The story focuses on two families, next door neighbors in a “good neighborhood” in North Carolina. Valerie Alston-Holt, an African-American professor at the university, lives with her biracial son Xavier on property that includes a huge, old, amazing oak tree, which Valerie has loved since she and her tall, blond husband Tom moved in when Xavier was a toddler. Tom died when “Zay” was very young, and Valerie has raised her son to be a great student, a kind soul, and a sensitive kid who is also popular, a good student, and a talented musician. The land next door to the Alston-Holt house has been cleared (to Valerie’s dismay) to make way for a McMansion, built by the nouveau riche Brad Whitman for his “girls,” including his wife Julia, their young daughter Lily, and teenage Juniper, from Julia’s life pre-Brad.

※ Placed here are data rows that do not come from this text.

lemma picard_limit_fixed_point:
  assumes "0 \<le> T"
    and lim: "\<And>j. j < N \<Longrightarrow> uniform_limit {0..T} (\<lambda>n t. picard_iter x0 n t j) (\<lambda>t. X t j) sequentially"
    and contX: "\<forall>j<N. continuous_on {0..T} (\<lambda>s. X s j)" and k: "k < N" and t: "t \<in> {0..T}"
  shows "X t k = picard x0 X t k"
proof (rule LIMSEQ_unique)
  show "(\<lambda>n. picard_iter x0 (Suc n) t k) \<longlonglongrightarrow> X t k"
    using tendsto_uniform_limitI[OF lim[OF k] t] by (rule LIMSEQ_Suc)
  show "(\<lambda>n. picard_iter x0 (Suc n) t k) \<longlonglongrightarrow> picard x0 X t k"
  proof (rule tendstoI)
    fix r :: real assume "0 < r"
    define e where "e = r / (Lp * T + 1)"
    have den: "0 < Lp * T + 1"
      using Lp_nonneg assms by (simp add: add_nonneg_pos)
    then have "0 < e"
      using \<open>0 < r\<close> by (simp add: e_def)
    have "Lp * T * e < r"
      using den \<open>0 < r\<close> by (simp add: e_def divide_less_eq distrib_left)
    have "\<forall>\<^sub>F n in sequentially. \<forall>s\<in>{0..T}. (\<Sum>j<N. \<bar>picard_iter x0 n s j - X s j\<bar>) \<le> e"
      by (rule uniform_limit_sum_abs_le) (use lim \<open>0 < e\<close> in auto)
    then show "\<forall>\<^sub>F n in sequentially. dist (picard_iter x0 (Suc n) t k) (picard x0 X t k) < r"
    proof eventually_elim
      case (elim n)
      have "dist (picard_iter x0 (Suc n) t k) (picard x0 X t k)
            \<le> Lp * integral {0..t} (\<lambda>s. \<Sum>j<N. \<bar>picard_iter x0 n s j - X s j\<bar>)"
        using picard_dist_le[OF picard_iter_continuous contX k t] by (simp add: dist_real_def picard_iter_Suc)
      also have "\<dots> \<le> Lp * integral {0..t} (\<lambda>s. e)"
        using elim t contX picard_iter_continuous[of T x0 n]
        by (intro mult_left_mono integral_le Lp_nonneg integrable_continuous_real continuous_intros)
          (auto intro: continuous_on_subset[of "{0..T}"])
      also have "\<dots> \<le> Lp * T * e"
        using t \<open>0 < e\<close> Lp_nonneg by (auto simp: mult.assoc intro!: mult_left_mono mult_right_mono)
      finally show ?case
        using \<open>Lp * T * e < r\<close> by linarith
    qed
  qed
qed

theorem global_solution:
  assumes "0 \<le> T"
  obtains X where "\<And>k. k < N \<Longrightarrow> X 0 k = x0 k"
    and "\<And>k t. k < N \<Longrightarrow> t \<in> {0..T} \<Longrightarrow>
           ((\<lambda>s. X s k) has_real_derivative f (X t) k) (at t within {0..T})"
proof -
  obtain X where lim: "\<And>k. k < N \<Longrightarrow> uniform_limit {0..T} (\<lambda>n t. picard_iter x0 n t k) (\<lambda>t. X t k) sequentially"
    using picard_iter_uniform_limit[OF assms] by blast
  have contX: "\<forall>j<N. continuous_on {0..T} (\<lambda>s. X s j)"
  proof (intro allI impI)
    fix j assume "j < N"
    show "continuous_on {0..T} (\<lambda>s. X s j)"
      by (rule uniform_limit_theorem[OF _ lim[OF \<open>j < N\<close>]])
        (use picard_iter_continuous \<open>j < N\<close> in \<open>auto intro!: always_eventually\<close>)
  qed
  have fixed_point: "X t k = picard x0 X t k" if "k < N" "t \<in> {0..T}" for k t
    by (intro picard_limit_fixed_point[OF assms _ contX that] lim)
  show ?thesis
  proof (rule that)
    show "X 0 k = x0 k" if "k < N" for k
      using fixed_point[OF that] assms by (simp add: picard_def)
    show "((\<lambda>s. X s k) has_real_derivative f (X t) k) (at t within {0..T})"
      if "k < N" "t \<in> {0..T}" for k t
      by (rule has_field_derivative_transform_within[OF picard_has_derivative[OF contX that] zero_less_one that(2)])
        (use fixed_point that in auto)
  qed
qed

end

section \<open>Initial particle positions\<close>

lemma Sup_sublevel_bounds:
  fixes g :: "real \<Rightarrow> real"
  assumes mono: "mono g" and lip: "\<And>x y. x \<le> y \<Longrightarrow> g y \<le> g x + C * (y - x)" and "0 \<le> C"
    and "g a = 0" and "0 < m" and "m < g b"
  shows "a < Sup {y. g y < m}" and "Sup {y. g y < m} < b" and "g (Sup {y. g y < m}) \<le> m"
proof -
  define S where "S = {y. g y < m}"
  define e where "e = m / (C + 1)"
  have "0 < e" "C * e < m"
    using \<open>0 \<le> C\<close> \<open>0 < m\<close> by (simp_all add: e_def field_simps)
  then have "a + e \<in> S"
    using lip[of a "a + e"] \<open>g a = 0\<close> by (simp add: S_def)
  have below_b: "y < b" if "y \<in> S" for y
    using that \<open>m < g b\<close> monoD[OF mono, of b y] by (force simp: S_def)
  have bdd: "bdd_above S"
    using below_b by (meson bdd_above.I less_imp_le)
  have "a + e \<le> Sup S"
    by (rule cSup_upper[OF \<open>a + e \<in> S\<close> bdd])
  then show "a < Sup {y. g y < m}"
    using \<open>0 < e\<close> by (simp add: S_def)
  show g_Sup: "g (Sup {y. g y < m}) \<le> m"
  proof (rule ccontr)
    assume "\<not> ?thesis"
    then have gt: "m < g (Sup S)" by (simp add: S_def)
    define d where "d = (g (Sup S) - m) / (C + 1)"
    have "0 < d" "C * d \<le> g (Sup S) - m"
      using gt \<open>0 \<le> C\<close> by (simp_all add: d_def field_simps)
    then obtain z where "z \<in> S" "Sup S - d < z"
      using less_cSupE[of "Sup S - d" S] \<open>a + e \<in> S\<close> by auto
    then have "g (Sup S) \<le> g z + C * d"
      using lip[of "Sup S - d" "Sup S"] monoD[OF mono, of "Sup S - d" z] \<open>0 < d\<close> by simp
    then show False
      using \<open>z \<in> S\<close> \<open>C * d \<le> g (Sup S) - m\<close> by (simp add: S_def)
  qed
  show "Sup {y. g y < m} < b"
    using g_Sup \<open>m < g b\<close> monoD[OF mono, of b "Sup {y. g y < m}"] by force
qed

lemma esssup_bounded_representative:
  fixes rho :: "real \<Rightarrow> real"
  assumes meas: "rho \<in> borel_measurable lborel" and nonneg: "\<And>y. 0 \<le> rho y"
    and ess: "esssup lborel (\<lambda>y. ereal (rho y)) = ereal M"
  obtains r where "\<And>y. 0 \<le> r y" and "\<And>y. r y \<le> max M 0" and "\<And>a b. r integrable_on {a..b}"
    and "\<And>a b. (LINT y:{a..b}|lborel. rho y) = integral {a..b} r"
proof
  define r where "r y = min (rho y) (max M 0)" for y
  show "0 \<le> r y" "r y \<le> max M 0" for y
    using nonneg by (auto simp: r_def)
  have "AE y in lborel. rho y \<le> M"
    using esssup_AE[of "\<lambda>y. ereal (rho y)" lborel] ess by simp
  then have ae_eq: "AE y in lborel. rho y = r y"
    by eventually_elim (auto simp: r_def)
  have r_meas: "r \<in> borel_measurable lborel"
    unfolding r_def using meas by measurable
  have set_int: "set_integrable lborel {a..b} r" for a b
  proof (rule set_integrable_bound[OF borel_integrable_atLeastAtMost'[of a b "\<lambda>_. max M 0"]])
    show "set_borel_measurable lborel {a..b} r"
      unfolding set_borel_measurable_def using r_meas by measurable
  qed (use nonneg in \<open>auto simp: r_def\<close>)
  show "r integrable_on {a..b}" for a b
    by (rule set_borel_integral_eq_integral(1)[OF set_int])
  show "(LINT y:{a..b}|lborel. rho y) = integral {a..b} r" for a b
  proof -
    have "(LINT y:{a..b}|lborel. rho y) = (LINT y:{a..b}|lborel. r y)"
      by (rule set_lebesgue_integral_cong_AE) (use meas r_meas ae_eq in auto)
    also have "\<dots> = integral {a..b} r"
      by (rule set_borel_integral_eq_integral(2)[OF set_int])
    finally show ?thesis .
  qed
qed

The narrator of the story is an unidentified neighbor, who provides a perspective that is outside either of the families, and gives both facts and opinions about the twin troubles that develop with increasing intensity as the story unfolds: the tree and the romance. The tree is that amazing oak, which Valerie is devastated to see is dying as a result of the construction next door, and the romance is between Xavier and lily-white Juniper, who is not only secretly troubled but also has taken a “Purity Pledge” with her stepfather, vowing to remain a virgin until he gives her away in marriage. The young lovers’ romance is sweet and tender, with a bit of danger thrown in (especially as Brad is revealed ever so slowly and carefully to be an incredible pig).
At first, there is just an inkling of looming bad feelings as Valerie decides to sue Brad and the builder – and an inkling of creepy stepdad as Juniper becomes a beautiful young woman. I HAD to keep reading until I was done, because the outside narrator had made it clear that SOMETHING big was going to happen, with the tree, the romance, or both.
As the story unfolds, issues of race, class, and political divisions provide lots of thought-provoking topics that book clubs will love. I hadn’t read any of Ms. Fowler’s prior books, but she is clearly a skilled storyteller who will likely have a bestseller with A Good Neighborhood. Five stars.